DESCRIPTION (provided by applicant): Therapeutically targeting inflammation induced by innate immunity has the potential to reduce disease associated pathology; however, the first step in translating potential to clinical reality is defining the molecular pathways critical for regulating innate immunity, and identifying targets within these pathways that can be modulated. Significant progress has been made in delineating the molecular pathways regulating one member of the nucleic acids-sensing family of Toll-like receptors (TLRs), which have been implicated in development of autoimmune disease. Recent studies suggest that one of these TLRs, TLR9, is a pro-receptor that is activated by proteases in acidic endosomes. This cleavage removes an N-terminal fragment, leaving a C-terminal fragment, called p80, which is proposed to be the functional form of TLR9. This pathway has been touted as a new and potentially important drug target to reduce autoimmune inflammation. However, our preliminary results demonstrate that proteolytic cleavage of TLR9 does not occur in B cells, which respond robustly to TLR9 ligands. Moreover, we show that the p80 form of TLR9 is insufficient to support signaling in highly relevant macrophages, and dendritic cells. We review data that shows the N-terminal fragment, which is removed during the proteolytic event, has DNA binding activity. Therefore, we propose the hypothesis that the N-terminal fragment plays a critical role in determining the ligand specificity and response of the receptor. We will test this hypothesis in two aims, which define the role of the N-terminus in regulating specificity of the receptor, and the role of the cleavage event in regulating signaling and trafficking in various cell types including B cells, macrophages and dendritic cells. While we use TLR9 as a model system, recent published studies showed that other nucleic acid sensing TLRs are regulated by similar mechanisms. This study will provide critical new information that will help clarify controversies i the field. But more importantly, will determine whether proteolysis is, in fact, a promising new pathway for drug development, or of lesser significance compared with other regulatory mechanisms.
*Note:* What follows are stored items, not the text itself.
(* Let $G=\langle X\rangle$ be a $\delta$-hyperbolic group, $\delta$ a positive integer, and let $V$ be a cyclically minimal word over $X\cup X^{-1}$ with $\|V\|\ge\alpha$, where $\alpha=180\delta$. Then for each $k\in\mathbb Z$, $V^k$ is a $(4,2520\delta)$-quasi-geodesic word in $\Gamma(G,X)$.
   Context: $X$ is finite; $G$ is $\delta$-hyperbolic if every geodesic triangle in the Cayley graph $\Gamma(G,X)$ is $\delta$-slim (each side lies in the $\delta$-neighborhood of the union of the other two). $\|W\|$ denotes the length of a word $W$. A word $V$ is cyclically minimal if $\|V\|$ is minimal among the lengths of all words representing elements conjugate in $G$ to the element represented by $V$. A word $W$ is $(\lambda,c)$-quasi-geodesic if every path $p$ in $\Gamma(G,X)$ labeled by $W$, parametrized by length, satisfies $|s-t|\le\lambda\, d(p(s),p(t))+c$ for all $s,t$. *)

theory Defs
  imports Complex_Main "HOL-Algebra.Generated_Groups"
begin

text \<open>Words over X \<union> X^-1: a letter is a pair (x, b) with x \<in> X; (x, True) stands
  for x and (x, False) for its formal inverse.\<close>

definition is_word :: "'g set \<Rightarrow> ('g \<times> bool) list \<Rightarrow> bool" where
  "is_word X w \<longleftrightarrow> (\<forall>l \<in> set w. fst l \<in> X)"

definition letter_val :: "('g, 'b) monoid_scheme \<Rightarrow> 'g \<times> bool \<Rightarrow> 'g" where
  "letter_val G l = (if snd l then fst l else inv\<^bsub>G\<^esub> (fst l))"

definition word_eval :: "('g, 'b) monoid_scheme \<Rightarrow> ('g \<times> bool) list \<Rightarrow> 'g" where
  "word_eval G w = foldr (\<lambda>l acc. letter_val G l \<otimes>\<^bsub>G\<^esub> acc) w \<one>\<^bsub>G\<^esub>"

definition word_inv :: "('g \<times> bool) list \<Rightarrow> ('g \<times> bool) list" where
  "word_inv w = rev (map (\<lambda>(x, b). (x, \<not> b)) w)"

definition word_pow :: "('g \<times> bool) list \<Rightarrow> int \<Rightarrow> ('g \<times> bool) list" where
  "word_pow V k = (if 0 \<le> k then concat (replicate (nat k) V)
                   else concat (replicate (nat (- k)) (word_inv V)))"

definition word_dist :: "('g, 'b) monoid_scheme \<Rightarrow> 'g set \<Rightarrow> 'g \<Rightarrow> 'g \<Rightarrow> nat" where
  "word_dist G X u v = (LEAST n. \<exists>w. is_word X w \<and> length w = n \<and>
                          word_eval G w = inv\<^bsub>G\<^esub> u \<otimes>\<^bsub>G\<^esub> v)"

definition cyclically_minimal :: "('g, 'b) monoid_scheme \<Rightarrow> 'g set \<Rightarrow> ('g \<times> bool) list \<Rightarrow> bool" where
  "cyclically_minimal G X V \<longleftrightarrow> is_word X V \<and>
     (\<forall>W h. is_word X W \<longrightarrow> h \<in> carrier G \<longrightarrow>
        word_eval G W = inv\<^bsub>G\<^esub> h \<otimes>\<^bsub>G\<^esub> word_eval G V \<otimes>\<^bsub>G\<^esub> h \<longrightarrow> length V \<le> length W)"
lemma arcsin_density_integral:
  shows "set_integrable lborel {-1<..<1} (\<lambda>t. inverse (sqrt (1 - t\<^sup>2)))"
    and "(LINT t:{-1<..<1}|lborel. inverse (sqrt (1 - t\<^sup>2))) = pi"
proof -
  have arcsin_tendsto: "(arcsin \<longlongrightarrow> arcsin x) (at x within {-1..1})" if "x \<in> {-1..1}" for x
    using continuous_on_arcsin' that unfolding continuous_on_def by blast
  have "(arcsin \<longlongrightarrow> -pi/2) (at_right (-1))"
    using arcsin_tendsto[of "-1"] at_within_Icc_at_right[of "-1::real" 1] by simp
  then have lim_left: "((arcsin \<circ> real_of_ereal) \<longlongrightarrow> -pi/2) (at_right (ereal (-1)))"
    unfolding ereal_tendsto_simps1 .
  have "(arcsin \<longlongrightarrow> pi/2) (at_left 1)"
    using arcsin_tendsto[of 1] at_within_Icc_at_left[of "-1::real" 1] by simp
  then have lim_right: "((arcsin \<circ> real_of_ereal) \<longlongrightarrow> pi/2) (at_left (ereal 1))"
    unfolding ereal_tendsto_simps1 .
  have inner: "0 < 1 - x\<^sup>2" if "ereal (-1) < ereal x" "ereal x < ereal 1" for x
    using that by (simp add: abs_square_less_1 abs_less_iff)
  have deriv: "DERIV arcsin x :> inverse (sqrt (1 - x\<^sup>2))"
    if "ereal (-1) < ereal x" "ereal x < ereal 1" for x
    using that by (intro DERIV_arcsin) auto
  have cont: "isCont (\<lambda>t. inverse (sqrt (1 - t\<^sup>2))) x"
    if "ereal (-1) < ereal x" "ereal x < ereal 1" for x
    using inner[OF that] by (intro continuous_intros) auto
  have nonneg: "AE x in lborel. ereal (-1) < ereal x \<longrightarrow> ereal x < ereal 1 \<longrightarrow>
      0 \<le> inverse (sqrt (1 - x\<^sup>2))"
    using inner by (intro AE_I2) (simp add: less_imp_le)
  have "ereal (-1) < ereal 1" by simp
  note FTC = interval_integral_FTC_nonneg[OF this deriv cont nonneg lim_left lim_right]
  have S: "{-1<..<1} = einterval (ereal (-1)) (ereal 1)" by auto
  show "set_integrable lborel {-1<..<1} (\<lambda>t. inverse (sqrt (1 - t\<^sup>2)))"
    unfolding S by (rule FTC(1))
  show "(LINT t:{-1<..<1}|lborel. inverse (sqrt (1 - t\<^sup>2))) = pi"
    using FTC(2) unfolding S by (simp add: interval_lebesgue_integral_le_eq)
qed
lemma main_term_le_expected_T:
  assumes \<alpha>: "0 < \<alpha>" "\<alpha> < 1" and \<epsilon>: "0 < \<epsilon>" "\<epsilon> < 1" and L_ge: "2 / \<epsilon> \<le> main_term n r s \<alpha>"
    and p_le: "cover_prob n r s \<le> \<epsilon> / 4"
      "ln (1 / \<alpha>) * cover_prob n r s \<le> \<epsilon> / 2 * (\<alpha> powr (1 - \<epsilon> / 2) - \<alpha>)\<^sup>2"
  shows "(1 - 2 * \<epsilon>) * main_term n r s \<alpha> \<le> enn2real (expected_T n r s \<alpha>)"
proof -
  define L where "L = main_term n r s \<alpha>"
  define \<delta> where "\<delta> = \<alpha> powr (1 - \<epsilon> / 2) - \<alpha>"
  define k where "k = nat \<lfloor>(1 - \<epsilon>) * L\<rfloor>"
  define K where "K = real (r choose s) ^ 2 / (\<delta> * real (n choose s))\<^sup>2"
  have \<delta>: "0 < \<delta>"
    using powr_less_mono'[OF \<alpha>, of "1 - \<epsilon> / 2" 1] \<alpha> \<epsilon> by (simp add: \<delta>_def)
  have L: "0 < L" "1 \<le> \<epsilon> / 2 * L"
    using main_term_pos[OF \<alpha>] L_ge \<epsilon> by (auto simp: L_def field_simps)
  have k: "real k \<le> (1 - \<epsilon>) * L" "(1 - \<epsilon>) * L - 1 \<le> real k"
    using L \<epsilon> by (auto simp: k_def)
  have "L * K = ln (1 / \<alpha>) * cover_prob n r s / \<delta>\<^sup>2"
    using s_le_r r_le_n \<delta> by (simp add: L_def K_def main_term_def cover_prob_def field_simps power2_eq_square)
  also have "\<dots> \<le> \<epsilon> / 2"
    using p_le(2) \<delta> by (simp add: \<delta>_def pos_divide_le_eq)
  finally have "L * K \<le> \<epsilon> / 2" .
  moreover have "real k * K \<le> L * K"
    using k(1) \<epsilon> L by (intro mult_right_mono) (auto simp: K_def algebra_simps)
  ultimately have "real k * (1 - \<epsilon> / 2) \<le> real k * (1 - real k * K)"
    by (intro mult_left_mono) auto
  also have "\<dots> \<le> enn2real (expected_T n r s \<alpha>)"
    using expected_T_ge[OF \<alpha> \<epsilon> p_le(1) k(1)[unfolded L_def]] by (simp add: K_def \<delta>_def)
  finally have lower: "real k * (1 - \<epsilon> / 2) \<le> enn2real (expected_T n r s \<alpha>)" .
  have "1 - 2 * \<epsilon> \<le> (1 - 3 / 2 * \<epsilon>) * (1 - \<epsilon> / 2)"
    by (simp add: algebra_simps)
  then have "(1 - 2 * \<epsilon>) * L \<le> (1 - 3 / 2 * \<epsilon>) * L * (1 - \<epsilon> / 2)"
    using L by (simp add: mult_right_mono mult.commute mult.left_commute)
  also have "\<dots> \<le> ((1 - \<epsilon>) * L - 1) * (1 - \<epsilon> / 2)"
    using L \<epsilon> by (intro mult_right_mono) (auto simp: algebra_simps)
  also have "\<dots> \<le> real k * (1 - \<epsilon> / 2)"
    using k \<epsilon> by (intro mult_right_mono) auto
  finally show ?thesis
    using lower by (simp add: L_def)
qed
(* Let $i$ be a non-negative integer with $i\not\equiv 2 \pmod 3$, let $k=2i^2+7i+6$ and $m=2k+1$. Then there exists a cyclic DCA$(4,2m+1;2m)$ satisfying P1 and P2 (so these give an infinite family).
   Context: A difference covering array DCA$(k,\eta;n)$ over $\mathbb{Z}_n$ (a cyclic DCA) is an $\eta\times k$ matrix $Q=[q(i,j)]$ with entries in $\mathbb{Z}_n$ such that for every pair of distinct columns $j,j'$ the multiset $\{q(i,j)-q(i,j') : 0\le i\le \eta-1\}$ contains every element of $\mathbb{Z}_n$ at least once. A DCA$(k,n+1;n)$ is taken in normalized form: all entries of its last row (row $n$) and last column (column $k-1$) equal $0$. It satisfies P1 if $0$ occurs at least twice in every column, and P2 if for all distinct columns $j,j'$ with $j\neq k-1\neq j'$, the set $\{q(i,j)-q(i,j') : 0\le i\le n-1\}$ equals $\mathbb{Z}_n\setminus\{0\}$. (Here the letter $k$ in the claim denotes the integer $2i^2+7i+6$, while the first parameter of the DCA is $4$.) *)

theory Defs
  imports Main
begin

text \<open>An eta x k matrix over Z_n is modelled as a function Q :: nat => nat => nat
  (row index, column index) whose entries on rows < eta and columns < k lie in {0..<n};
  residues of Z_n are represented by their canonical representatives 0..n-1, and
  the difference q - q' in Z_n is (q + n - q') mod n.\<close>

definition zdiff :: "nat \<Rightarrow> nat \<Rightarrow> nat \<Rightarrow> nat" where
  "zdiff n a b = (a + n - b) mod n"

definition is_DCA :: "nat \<Rightarrow> nat \<Rightarrow> nat \<Rightarrow> (nat \<Rightarrow> nat \<Rightarrow> nat) \<Rightarrow> bool" where
  "is_DCA k eta n Q \<longleftrightarrow>
     (\<forall>i<eta. \<forall>j<k. Q i j < n) \<and>
     (\<forall>j<k. \<forall>j'<k. j \<noteq> j' \<longrightarrow> (\<forall>d<n. \<exists>i<eta. zdiff n (Q i j) (Q i j') = d))"

definition normalized_DCA :: "nat \<Rightarrow> nat \<Rightarrow> (nat \<Rightarrow> nat \<Rightarrow> nat) \<Rightarrow> bool" where
  "normalized_DCA k n Q \<longleftrightarrow>
     is_DCA k (n + 1) n Q \<and> (\<forall>j<k. Q n j = 0) \<and> (\<forall>i<n + 1. Q i (k - 1) = 0)"

definition DCA_P1 :: "nat \<Rightarrow> nat \<Rightarrow> (nat \<Rightarrow> nat \<Rightarrow> nat) \<Rightarrow> bool" where
  "DCA_P1 k eta Q \<longleftrightarrow> (\<forall>j<k. 2 \<le> card {i. i < eta \<and> Q i j = 0})"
描述（由申请人提供）：治疗靶向由先天免疫引起的炎症有可能减少疾病相关的病理；但是，将潜力转化为临床现实的第一步是定义分子途径对于调节先天免疫至关重要，并确定可以调节的这些途径中的靶标。在描述调节核酸感应受体（TLR）的一个成员的分子途径方面取得了重大进展，这与自身免疫性疾病的发展有关。最近的研究表明，其中一种TLR是TLR9，是一种受酸性内体蛋白酶激活的促肌感受器。这种切割消除了N末端片段，留下了称为p80的C末端片段，该片段被认为是TLR9的功能形式。该途径已被吹捧为减少自身免疫性炎症的一种新的且潜在的药物靶标。然而，我们的初步结果表明，在B细胞中不会发生TLR9的蛋白水解裂解，这对TLR9配体反应良好。此外，我们表明TLR9的p80形式不足以支持高度相关的巨噬细胞和树突状细胞中的信号传导。我们回顾了显示的数据显示，在蛋白水解事件中去除的N末端片段具有DNA结合活性。因此，我们提出了以下假设：N末端片段在确定受体的配体特异性和反应中起着关键作用。我们将在两个目标中检验这一假设，该假设定义了N末端在调节受体特异性中的作用，以及裂解事件在调节包括B细胞，巨噬细胞和树突状细胞在内的各种细胞类型中的信号传导和运输中的作用。虽然我们使用TLR9作为模型系统，但最近发表的研究表明，其他核酸传感TLR受到相似机制的调节。这项研究将提供关键的新信息，这将有助于阐明该领域的争议。但更重要的是，将确定蛋白水解实际上是有希望的药物开发途径，还是与其他调节机制相比的意义较小。